Однако несмотря на все трудности, в 1943 году третья часть романа была опубликована. Эта часть, озаглавленная «Юность», начинается с последних лицейских лет и заканчивается первой ссылкой поэта, охватывая, таким образом, период приблизительно с 1816 по 1820 год [Тынянов 19946: 36–40][64]64
Ср. разделение романа на три части («Детство», «Лицей», «Юность») с краткими заметками в газетах, в которых формировалась биография Пушкина в понимании Ходасевича (см. об этом в главе 5). Оба автора остановились примерно на одной точке в жизни Пушкина, и главной причиной у обоих, похоже, было состояние здоровья.
[Закрыть]. Вторая часть кончалась сценой знаменитого царскосельского экзамена, когда Державин признал и благословил своего юного соперника, а третья открывалась приездом Карамзина, Вяземского и В. Л. Пушкина в Царское Село, для того чтобы дать молодому поэту «арзамасское» прозвище – Сверчок, приняв его, таким образом, в круг поэтов. Именно поэтические средства: любовь, дружба, история, философия, а также наиболее важное из них для Пушкина – язык – доминируют в третьей части романа. Замечено, что только в третьей части романа тыняновский стиль начал собираться воедино: «Плоскостная монтажность двух первых частей в третьей части <…> заменяется лирофилософским, суггестивно-метафорическим сгущением текста» [Волович 1989: 525]. Исследователи полагают, что эта часть романа наилучшим образом объясняет, почему Тынянов вообще принялся за роман о Пушкине: именно таким образом он мог развить свою идею о влюбленности молодого поэта в жену Н. М. Карамзина и даже о взаимности этого чувства[65]65
См. примечания к статье «Безыменная любовь» (1939) [Тынянов 1969: 209–232, сноски 401–408].
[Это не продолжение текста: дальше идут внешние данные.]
definition non_overlapping :: "real \<Rightarrow> real \<Rightarrow> trect \<Rightarrow> trect \<Rightarrow> bool" where
  "non_overlapping W H r s \<longleftrightarrow> \<not> (\<exists>x y. in_interior W H r x y \<and> in_interior W H s x y)"

definition sees :: "real \<Rightarrow> real \<Rightarrow> trect \<Rightarrow> trect \<Rightarrow> bool" where
  "sees W H r s \<longleftrightarrow> (\<exists>c. yint H r c \<and> yint H s c) \<or> (\<exists>c. xint W r c \<and> xint W s c)"

definition TRVG :: "'a set \<Rightarrow> ('a \<Rightarrow> 'a \<Rightarrow> bool) \<Rightarrow> bool" where
  "TRVG V E \<longleftrightarrow> (\<exists>W H (R :: 'a \<Rightarrow> trect). 0 < W \<and> 0 < H \<and>
      (\<forall>v\<in>V. valid_trect W H (R v)) \<and>
      (\<forall>u\<in>V. \<forall>v\<in>V. u \<noteq> v \<longrightarrow> non_overlapping W H (R u) (R v)) \<and>
      (\<forall>u\<in>V. \<forall>v\<in>V. u \<noteq> v \<longrightarrow> (E u v \<longleftrightarrow> sees W H (R u) (R v))))"

definition Kpq_V :: "nat \<Rightarrow> nat \<Rightarrow> (nat + nat) set" where
  "Kpq_V p q = Inl ` {..<p} \<union> Inr ` {..<q}"

definition Kpq_E :: "nat + nat \<Rightarrow> nat + nat \<Rightarrow> bool" where
  "Kpq_E u v \<longleftrightarrow> (isl u \<noteq> isl v)"

end

theory Submission
  imports Defs
begin

(*
  Project a representation onto the two coordinate circles of the torus: two
  rectangles see each other iff their projections meet on at least one circle.
  In K_{p,q} both sides are independent sets, so on each circle the p arcs of one
  side are pairwise disjoint, and so are the q arcs of the other side.  Charge a
  meeting pair of arcs to the start point of one of them that lies in the other;
  disjointness within each side makes this charging injective, so each circle
  carries at most p + q of the pq adjacent pairs.  Hence pq <= 2(p + q), which
  leaves exactly the listed cases.  Conversely, explicit rectangles with integer
  corners represent K_{2,q}, K_{3,6} and K_{4,4}, and representations restrict
  to induced subgraphs.
*)

definition arcs_meet :: "real \<Rightarrow> real \<Rightarrow> real \<Rightarrow> real \<Rightarrow> real \<Rightarrow> bool" where
  "arcs_meet L a w b v \<longleftrightarrow> (\<exists>t. in_open_arc L a w t \<and> in_open_arc L b v t)"

lemma sees_iff_arcs_meet:
  "sees W H (x, w, y, h) (x', w', y', h') \<longleftrightarrow> arcs_meet W x w x' w' \<or> arcs_meet H y h y' h'"
  unfolding sees_def arcs_meet_def xint_def yint_def by auto

lemma non_overlapping_iff_arcs_meet:
  "non_overlapping W H (x, w, y, h) (x', w', y', h') \<longleftrightarrow>
     \<not> (arcs_meet W x w x' w' \<and> arcs_meet H y h y' h')"
  unfolding non_overlapping_def arcs_meet_def in_interior_def xint_def yint_def by auto

lemma arcs_meet_iff_shift:
  assumes "0 < w" "0 < v"
  shows "arcs_meet L a w b v \<longleftrightarrow>
    (\<exists>k::int. a < b + of_int k * L + v \<and> b + of_int k * L < a + w)"
proof
  assume "arcs_meet L a w b v"
  then obtain t m n where "a < t + of_int m * L" "t + of_int m * L < a + w"
    "b < t + of_int n * L" "t + of_int n * L < b + v"
    unfolding arcs_meet_def in_open_arc_def by blast
  moreover have "of_int (m - n) * L = of_int m * L - of_int n * L"
    by (simp add: algebra_simps)
  ultimately show "\<exists>k::int. a < b + of_int k * L + v \<and> b + of_int k * L < a + w"
    by (intro exI[of _ "m - n"]) linarith
next
  assume "\<exists>k::int. a < b + of_int k * L + v \<and> b + of_int k * L < a + w"
  then obtain k :: int where k: "a < b + of_int k * L + v" "b + of_int k * L < a + w"
    by blast
  define t where "t = (max a (b + of_int k * L) + min (a + w) (b + of_int k * L + v)) / 2"
  have t: "a < t" "t < a + w" "b + of_int k * L < t" "t < b + of_int k * L + v"
    using k assms by (auto simp: t_def)
  have "in_open_arc L a w t"
    unfolding in_open_arc_def using t by (intro exI[of _ 0]) simp
  moreover have "in_open_arc L b v t"
    unfolding in_open_arc_def using t by (intro exI[of _ "- k"]) simp
  ultimately show "arcs_meet L a w b v"
    unfolding arcs_meet_def by blast
qed

lemma arcs_meet_if_eventually_at_right:
  assumes "eventually (in_open_arc L a w) (at_right t)"
    and "eventually (in_open_arc L b v) (at_right t)"
  shows "arcs_meet L a w b v"
  using eventually_happens'[OF trivial_limit_at_right_real eventually_conj[OF assms]]
  unfolding arcs_meet_def by blast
[Закрыть]. В третьей части романа Пушкин должен был повзрослеть. В интерпретации Тынянова, готовясь отправиться в жизненное путешествие, поэт счел своевременным избрать себе «семью» – несколько человек, которые поддерживали бы его всю жизнь так, как не смогли бы родные люди. Пушкин равнял себя с Пущиным, Дельвигом и Кюхельбекером – своими «братьями» в поэзии и членами лицейского братства, – а также с П. Я. Чаадаевым, гусаром и смелым «старшим братом». Покойный Малиновский, первый директор Лицея, едва ли не заменил поэту отца и дядю Сергея и Василия Львовичей (тогда как покровительство нового директора Энгельгардта юный поэт отверг). Вспоминал он и няню Арину Родионовну – в качестве своей истинной матери. Таким образом, Тынянов свел юные годы Пушкина – и это заняло несколько сотен страниц – к двум основам: «Была Арина и был Лицей. Вот и все. Такова была жизнь» [Тынянов 19946: 524].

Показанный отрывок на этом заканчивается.